Tuesdays at the IMRC brings visiting artists, Gaelyn and Gustavo Aguilar, to campus

On the evening of March 22, the University of Maine Intermedia department continued their series, Tuesdays at the IMRC, by bringing artists Gaelyn and Gustavo Aguilar into the Innovative Media, Research and Commercialization Center (IMRC). The event was free and open to the public, with a mixed crowd of Intermedia graduate students and those familiar with the artists’ work.

The Aguilars presented their latest project, “Who Eats at Taco Bell?”  According to the Tuesday at the IMRC’s flyer, the project is “a socially-engaged research platform for thinking about how the interlocking dynamics of immigration, social race, and colonialism in U.S. American history continue to resonate with personal and political notions of movement, belonging, and identity.”

The two artists showed their progress through photographs, as well as different video clips that went along with their work to engage the audience. They also presented the working website to go along with “Who Eats at Taco Bell?,” known as, “Taco Talk.” “Taco Talk” is an online portal to continue the conversation of racial/ethnic identity and politics.

“This specific presentation is interesting because it is extremely current with all the political issues going on,” IMRC Public Programming & Events and Visiting Artists Program coordinator,

Eleanor Kipping, said. “It deals with issues of immigration, issues of identity, issues of belonging and colonialism. With all of the issues going on with the presidential run, that’s really relevant. It’s super current and it touches on a lot of issues that I think a lot of people can relate to whether or not they realize it.”

As the presentation went on, the two artists incorporated varying aesthetic elements, such as a live instrumental performance. In addition, they also invited the audience to participate in an activity related to their work. The activity allowed for the audience to interact with each other, and even develop their own piece of art. Audience members created either a skit or poem illustrating a specific problem they believe is happening in the world.

“I wanted the audience to think about their own work and their own life,” Gustavo Aguilar said.

“I was really excited to see their process because I am personally exploring social practice in my work,” Kipping said. “I’m an Intermedia graduate student, so I am exploring social practice and I am working with the issues of international students in the Orono area. So I was really interested in meeting them, and how they approached really big issues that cause a lot of tension and discomfort. So that was my personal investment in coming.”

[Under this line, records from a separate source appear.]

(* Let $S_{p/q}=\{\mathrm{span}(n) : n\in\mathbb{N}\}\subseteq\mathbb{R}$. (i) If $p<2q$, then $S_{p/q}$ is dense in the interval $[0,\ \rho(M_0)]$. (ii) If $p>2q$, then $S_{p/q}$ is nowhere dense in $\mathbb{R}$.
   Context: Let $p>q>1$ be coprime integers, $A_p=\{0,\dots,p-1\}$, $A_q=\{0,\dots,q-1\}$. For $n\in\mathbb{N}$ and $a\in\mathbb{Z}$, let $\tau(n,a)=\frac{np+a}{q}$, defined only when $q$ divides $np+a$. Let $\mathcal{T}_{p/q}$ be the deterministic automaton with state set $\mathbb{N}$, alphabet $A_p$, initial state $0$, and transitions $n\xrightarrow{a}\tau(n,a)$ for $a\in A_p$ with $\tau(n,a)$ defined. Every state $n$ has exactly one outgoing transition labelled by a letter of $A_q$ and exactly one labelled by a letter of $\{p-q,\dots,p-1\}$; the minimal word $\mu_n$ (resp. maximal word $M_n$) is the unique infinite word over $A_q$ (resp. over $\{p-q,\dots,p-1\}$) labelling a path of $\mathcal{T}_{p/q}$ starting at state $n$. For an infinite word $a_1a_2a_3\cdots$ of integers, its real value is $\rho(a_1a_2\cdots)=\sum_{i\ge 1} a_i\left(\frac{p}{q}\right)^{-i}$. The span of $n$ is $\mathrm{span}(n)=\rho(M_n)-\rho(\mu_n)$. *)

theory Defs
  imports "HOL-Analysis.Analysis"
begin

definition tau_defined :: "nat \<Rightarrow> nat \<Rightarrow> nat \<Rightarrow> nat \<Rightarrow> bool" where
  "tau_defined p q n a \<longleftrightarrow> a < p \<and> q dvd (n * p + a)"

definition tau :: "nat \<Rightarrow> nat \<Rightarrow> nat \<Rightarrow> nat \<Rightarrow> nat" where
  "tau p q n a = (n * p + a) div q"

text \<open>Infinite words are sequences nat => nat, index 0 being the first letter a_1.
  The state reached after reading the first i letters of w from n:\<close>
fun run :: "nat \<Rightarrow> nat \<Rightarrow> nat \<Rightarrow> (nat \<Rightarrow> nat) \<Rightarrow> nat \<Rightarrow> nat" where
  "run p q n w 0 = n"
| "run p q n w (Suc i) = tau p q (run p q n w i) (w i)"

definition labels_path :: "nat \<Rightarrow> nat \<Rightarrow> nat \<Rightarrow> (nat \<Rightarrow> nat) \<Rightarrow> bool" where
  "labels_path p q n w \<longleftrightarrow> (\<forall>i. tau_defined p q (run p q n w i) (w i))"

definition min_word :: "nat \<Rightarrow> nat \<Rightarrow> nat \<Rightarrow> (nat \<Rightarrow> nat)" where
  "min_word p q n = (THE w. (\<forall>i. w i < q) \<and> labels_path p q n w)"

definition max_word :: "nat \<Rightarrow> nat \<Rightarrow> nat \<Rightarrow> (nat \<Rightarrow> nat)" where
  "max_word p q n = (THE w. (\<forall>i. p - q \<le> w i \<and> w i < p) \<and> labels_path p q n w)"

definition rho :: "nat \<Rightarrow> nat \<Rightarrow> (nat \<Rightarrow> nat) \<Rightarrow> real" where
  "rho p q w = (\<Sum>i. real (w i) * (real q / real p) ^ (Suc i))"

definition span :: "nat \<Rightarrow> nat \<Rightarrow> nat \<Rightarrow> real" where
  "span p q n = rho p q (max_word p q n) - rho p q (min_word p q n)"

end

theory Submission
  imports Defs
begin

text \<open>Write C x = \<lceil>x p / q\<rceil> and F x = \<lfloor>x p / q\<rfloor>. The minimal and maximal words from n pass through the
  states C^k n and C^k (n + 1) - 1, so span n / q is the limit of g_k (q/p)^k for the gaps
  g_k = C^k (n + 1) - C^k n. Each gap is F or C of the previous one, and since p and q are coprime,
  shifting n by multiples of q^K realises every such path from 1 up to length K. Along any such path
  c the values c_k (q/p)^k converge to a limit within (q/p)^(K+1) / (1 - q/p) of c_K (q/p)^K, so
  span n lies in one of at most 2^K intervals of length O((q/p)^K). If p > 2q these intervals have
  total length tending to 0, which leaves the closure without interior. If p < 2q, the limits along
  F-orbits of d + 1 lie below those along C-orbits of d, so the ranges of attainable limits overlap
  and a greedy choice of path approximates every point of [0, \<rho>(M_0)].\<close>

lemma geometric_increments_convergent:
  fixes a :: "nat \<Rightarrow> real"
  assumes "0 \<le> r" "r < 1" and step: "\<And>k. \<bar>a (Suc k) - a k\<bar> \<le> r ^ Suc k"
  shows "convergent a"
proof -
  have summable: "summable (\<lambda>k. a (Suc k) - a k)"
  proof (rule summable_comparison_test')
    show "summable (\<lambda>k. r * r ^ k)"
      using assms by (intro summable_mult summable_geometric) auto
    show "norm (a (Suc k) - a k) \<le> r * r ^ k" for k
      using step[of k] by simp
  qed
  have "(\<lambda>n. a n - a 0) \<longlonglongrightarrow> (\<Sum>k. a (Suc k) - a k)"
    using summable_LIMSEQ[OF summable] unfolding sum_lessThan_telescope .
  then have "(\<lambda>n. a n - a 0 + a 0) \<longlonglongrightarrow> (\<Sum>k. a (Suc k) - a k) + a 0"
    by (intro tendsto_intros)
  then show ?thesis
    by (auto intro: convergentI)
qed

Tuesdays at the IMRC still has a couple more presentations left for the rest of the semester.  Some of them include a movie night on April 5, as well as a concert the following the week.  

“I would say that just because this lecture series is labeled as art, I think that all people should come and check it out,” Kipping said. “We end up having people from a lot of different backgrounds: from engineering to robotics, to science to bio to biotechnology, because of the fact that it is Intermedia. So anybody from any academic background will probably be able to take something away from at least one of the presentations.”